If a line below contains the word "delta", count it; give only the total.

Collected data:
+ + + + + + +

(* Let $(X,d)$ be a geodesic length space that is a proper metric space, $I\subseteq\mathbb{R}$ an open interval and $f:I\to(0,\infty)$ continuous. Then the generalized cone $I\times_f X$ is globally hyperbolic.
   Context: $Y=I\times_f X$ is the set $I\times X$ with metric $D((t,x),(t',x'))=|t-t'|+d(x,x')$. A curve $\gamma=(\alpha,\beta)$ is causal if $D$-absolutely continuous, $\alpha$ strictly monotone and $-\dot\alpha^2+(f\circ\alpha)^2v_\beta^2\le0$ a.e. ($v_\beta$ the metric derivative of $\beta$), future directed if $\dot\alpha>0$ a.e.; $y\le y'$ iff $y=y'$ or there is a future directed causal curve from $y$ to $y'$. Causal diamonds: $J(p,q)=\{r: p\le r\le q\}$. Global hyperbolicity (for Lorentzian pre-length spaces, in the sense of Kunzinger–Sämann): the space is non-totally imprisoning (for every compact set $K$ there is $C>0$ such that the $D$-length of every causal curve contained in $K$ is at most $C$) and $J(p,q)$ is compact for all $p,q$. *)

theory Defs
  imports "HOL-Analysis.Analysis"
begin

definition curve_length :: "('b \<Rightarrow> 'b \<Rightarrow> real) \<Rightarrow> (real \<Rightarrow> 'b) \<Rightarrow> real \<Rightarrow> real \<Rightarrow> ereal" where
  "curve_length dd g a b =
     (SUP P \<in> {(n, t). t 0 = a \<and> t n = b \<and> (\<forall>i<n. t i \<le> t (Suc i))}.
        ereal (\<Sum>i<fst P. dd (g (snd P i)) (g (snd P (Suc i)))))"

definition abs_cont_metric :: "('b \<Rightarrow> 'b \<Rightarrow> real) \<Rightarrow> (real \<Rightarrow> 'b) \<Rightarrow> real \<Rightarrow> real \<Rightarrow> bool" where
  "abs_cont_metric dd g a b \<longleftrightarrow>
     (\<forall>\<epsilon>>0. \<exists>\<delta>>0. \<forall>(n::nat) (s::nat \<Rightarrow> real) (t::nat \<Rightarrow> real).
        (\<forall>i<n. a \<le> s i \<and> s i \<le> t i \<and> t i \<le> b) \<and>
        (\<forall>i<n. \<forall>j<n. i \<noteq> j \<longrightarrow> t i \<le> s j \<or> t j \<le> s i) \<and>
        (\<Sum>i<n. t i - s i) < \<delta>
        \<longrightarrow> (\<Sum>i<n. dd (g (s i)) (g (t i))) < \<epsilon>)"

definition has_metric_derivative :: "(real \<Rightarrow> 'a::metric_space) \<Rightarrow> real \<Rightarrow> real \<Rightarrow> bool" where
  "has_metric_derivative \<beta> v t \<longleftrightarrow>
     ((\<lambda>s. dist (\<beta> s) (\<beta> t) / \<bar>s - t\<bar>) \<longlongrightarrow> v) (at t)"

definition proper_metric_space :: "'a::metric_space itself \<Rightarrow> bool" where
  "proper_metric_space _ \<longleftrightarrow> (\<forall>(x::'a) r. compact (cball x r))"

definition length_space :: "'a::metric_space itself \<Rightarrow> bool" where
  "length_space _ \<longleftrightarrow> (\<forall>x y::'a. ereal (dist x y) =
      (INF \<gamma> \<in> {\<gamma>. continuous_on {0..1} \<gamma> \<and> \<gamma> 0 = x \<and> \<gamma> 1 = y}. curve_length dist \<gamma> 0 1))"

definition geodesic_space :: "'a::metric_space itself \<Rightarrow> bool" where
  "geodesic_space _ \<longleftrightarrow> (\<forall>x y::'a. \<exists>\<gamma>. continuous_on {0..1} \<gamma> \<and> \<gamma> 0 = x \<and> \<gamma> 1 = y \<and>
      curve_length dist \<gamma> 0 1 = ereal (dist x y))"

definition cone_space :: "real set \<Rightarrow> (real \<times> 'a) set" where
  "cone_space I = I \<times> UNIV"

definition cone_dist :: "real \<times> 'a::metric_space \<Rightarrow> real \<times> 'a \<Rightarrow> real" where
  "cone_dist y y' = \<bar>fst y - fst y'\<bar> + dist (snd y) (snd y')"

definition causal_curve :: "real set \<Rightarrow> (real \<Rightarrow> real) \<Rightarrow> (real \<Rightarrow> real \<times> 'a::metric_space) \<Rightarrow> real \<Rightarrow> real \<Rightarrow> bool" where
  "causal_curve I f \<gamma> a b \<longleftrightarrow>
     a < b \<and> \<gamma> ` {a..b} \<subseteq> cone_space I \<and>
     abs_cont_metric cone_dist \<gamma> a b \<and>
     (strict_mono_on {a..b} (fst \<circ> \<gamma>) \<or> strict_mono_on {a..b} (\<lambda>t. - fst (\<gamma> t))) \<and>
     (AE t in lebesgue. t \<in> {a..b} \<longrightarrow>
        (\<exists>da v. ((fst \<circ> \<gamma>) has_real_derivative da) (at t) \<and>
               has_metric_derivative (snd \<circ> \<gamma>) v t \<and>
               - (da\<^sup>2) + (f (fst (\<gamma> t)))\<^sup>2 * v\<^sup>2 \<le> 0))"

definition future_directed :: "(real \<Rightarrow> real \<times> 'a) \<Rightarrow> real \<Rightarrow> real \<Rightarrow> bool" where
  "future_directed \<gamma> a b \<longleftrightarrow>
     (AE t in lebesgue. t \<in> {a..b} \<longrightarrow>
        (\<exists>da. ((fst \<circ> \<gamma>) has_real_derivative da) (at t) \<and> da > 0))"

+ + + + + + +

**Result:** 2